Data for the task
lemma gradient_eigenfunction_vanishes:
  assumes \<phi>: "H10 \<Omega> \<phi> G"
    and eigen: "\<And>\<psi> D\<psi>. H10 \<Omega> \<psi> D\<psi> \<Longrightarrow> (\<integral>x. G x \<bullet> D\<psi> x \<partial>M) = lam * (\<integral>x. \<phi> x * \<psi> x \<partial>M)"
    and G: "\<And>j. H10 \<Omega> (\<lambda>x. G x $ j) (DG j)"
  shows "AE x in M. G x = 0"
proof -
  define P where "P = (\<integral>x. (\<phi> x)\<^sup>2 \<partial>M)"
  define Q where "Q = (\<Sum>j\<in>UNIV. \<integral>x. (G x $ j)\<^sup>2 \<partial>M)"
  note G' = H1D[OF H10_imp_H1[OF G]]
  have energy: "Q = lam * P"
    using eigen[OF \<phi>] integral_inner_eq_sum[OF G'(1) G'(1)]
    by (simp add: P_def Q_def power2_eq_square)
  have rellich: "(\<integral>x. (G x $ j)\<^sup>2 \<partial>M) - Q / 2 = - lam * P / 2" for j
  proof -
    note xG = H10_coord_mult[OF G[of j]]
    have "(\<integral>x. G x \<bullet> coord_mult_grad j (\<lambda>x. G x $ j) (DG j) x \<partial>M)
        = (\<Sum>i\<in>UNIV. (if i = j then (\<integral>x. (G x $ j)\<^sup>2 \<partial>M) else 0) - (1/2) * (\<integral>x. (G x $ i)\<^sup>2 \<partial>M))"
      using integral_inner_eq_sum[OF G'(1) H1D(2)[OF H10_imp_H1[OF xG]]]
        integral_component_coord_mult_grad[OF H10_imp_H1[OF \<phi>] G] by simp
    also have "\<dots> = (\<integral>x. (G x $ j)\<^sup>2 \<partial>M) - Q / 2"
      by (simp add: sum_subtractf Q_def sum_divide_distrib[symmetric])
    finally have "(\<integral>x. G x \<bullet> coord_mult_grad j (\<lambda>x. G x $ j) (DG j) x \<partial>M) = (\<integral>x. (G x $ j)\<^sup>2 \<partial>M) - Q / 2" .
    moreover have "(\<integral>x. \<phi> x * (x $ j * G x $ j) \<partial>M) = - P / 2"
      using integral_coord_mult_partial[OF \<phi>, of j] by (simp add: P_def algebra_simps)
    ultimately show ?thesis
      using eigen[OF xG] by simp
  qed
  have "(\<Sum>j\<in>UNIV. (\<integral>x. (G x $ j)\<^sup>2 \<partial>M) - Q / 2) = (\<Sum>j\<in>(UNIV::3 set). - lam * P / 2)"
    using rellich by simp
  then have "Q - 3 * (Q / 2) = 3 * (- lam * P / 2)"
    by (simp add: sum_subtractf Q_def)
  then have "Q = 0"
    using energy by auto
  then have "(\<integral>x. (G x $ j)\<^sup>2 \<partial>M) = 0" for j
    using sum_nonneg_eq_0_iff[of UNIV "\<lambda>j. \<integral>x. (G x $ j)\<^sup>2 \<partial>M"] by (simp add: Q_def)
  then have "AE x in M. (G x $ j)\<^sup>2 = 0" for j
    using integral_nonneg_eq_0_iff_AE[of M "\<lambda>x. (G x $ j)\<^sup>2"] G'(1)[of j]
    by (simp add: square_integrable_def)
  then have "AE x in M. \<forall>j\<in>UNIV. G x $ j = 0"
    by (subst AE_finite_all) auto
  then show ?thesis
    by eventually_elim (simp add: vec_eq_iff)
qed
lemma cone_nearest:
  assumes "finite R" "v \<in> cone R u w"
  shows "cone_nearest R u w \<in> cone R u w" "dist u (cone_nearest R u w) \<le> dist u v"
proof -
  have "finite (cone R u w)" using \<open>finite R\<close> by (simp add: cone_def)
  moreover have "cone R u w \<noteq> {}" using assms(2) by blast
  ultimately show "cone_nearest R u w \<in> cone R u w" "dist u (cone_nearest R u w) \<le> dist u v"
    unfolding cone_nearest_def using arg_min_if_finite(1) arg_min_least assms(2) by metis+
qed

lemma theta_graph_subset:
  assumes "finite R"
  shows "theta_graph R W \<subseteq> possible_edges R"
proof
  fix e assume "e \<in> theta_graph R W"
  then obtain u w v where "u \<in> R" "v \<in> cone R u w" "e = {u, cone_nearest R u w}"
    unfolding theta_graph_def by blast
  moreover from \<open>v \<in> cone R u w\<close> have "cone_nearest R u w \<in> cone R u w"
    by (rule cone_nearest(1)[OF assms])
  ultimately show "e \<in> possible_edges R"
    by (auto simp: cone_def intro!: doubleton_in_possible_edges)
qed

lemma card_theta_graph_le:
  assumes "finite R" "finite W"
  shows "card (theta_graph R W) \<le> card R * card W"
proof -
  let ?P = "{(u, w) \<in> R \<times> W. cone R u w \<noteq> {}}"
  have "?P \<subseteq> R \<times> W" by blast
  moreover have "finite (R \<times> W)" using assms by simp
  ultimately have "card (theta_graph R W) \<le> card ?P"
    unfolding theta_graph_def by (intro card_image_le) (rule finite_subset)
  also have "\<dots> \<le> card (R \<times> W)" using \<open>?P \<subseteq> R \<times> W\<close> \<open>finite (R \<times> W)\<close> by (rule card_mono[rotated])
  finally show ?thesis by (simp add: card_cartesian_product)
qed
theorem lemma7p3:
  fixes S :: "'a set" and m l g j :: nat and W :: "'a letter list set"
  assumes "finite S" and "card S = m" and "m \<ge> 2"
    and "l \<ge> 4"
    and "real g < real l / 4"
    and "W \<subseteq> reduced_words S g" and "card W = j"
  shows "real (card {w \<in> cyc_reduced_words S l. \<forall>u\<in>W. \<not> sublist u w})
           / real (card (cyc_reduced_words S l))
         \<le> exp (2 / (2 * real m - 1) powr (real l / 2 - 1)
                 - real l * real j / (9 * real g * (2 * real m - 1) ^ g))"
proof (cases "j = 0 \<or> g = 0")
  case True
  have "card (avoiding_cyc_reduced_words S W l) \<le> card (cyc_reduced_words S l)"
    by (intro card_mono finite_cyc_reduced_words assms(1)) auto
  then have "real (card (avoiding_cyc_reduced_words S W l)) / real (card (cyc_reduced_words S l)) \<le> 1"
    by (auto simp: divide_le_eq_1)
  moreover have "1 \<le> exp (2 / (2 * real m - 1) powr (real l / 2 - 1)
                            - real l * real j / (9 * real g * (2 * real m - 1) ^ g))"
    using True by auto
  ultimately show ?thesis
    by linarith
next
  case False
  define q where "q = 2 * real m - 1"
  obtain k n where split: "l = n + k * (g + 1)" "n \<ge> 1" and exponent:
    "q / q ^ n - real k * (real j * (q - 1) / q ^ (g + 1))
       \<le> 2 / q powr (real l / 2 - 1) - real l * real j / (9 * real g * q ^ g)"
    using exponent_choice[OF assms(3), of g l j] False assms(5) unfolding q_def by auto
  have "S \<noteq> {}"
    using assms(2,3) by auto
  from avoiding_ratio_le_exp[OF assms(1) this assms(6) split] exponent
  show ?thesis
    unfolding assms(2,7) q_def by (meson exp_le_cancel_iff order_trans)
qed

end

Directions
For the listing above, identify each line bearing "thesis".

Task result
    ultimately show ?thesis
  then show ?thesis
  finally show ?thesis by (simp add: card_cartesian_product)
  ultimately show ?thesis
  show ?thesis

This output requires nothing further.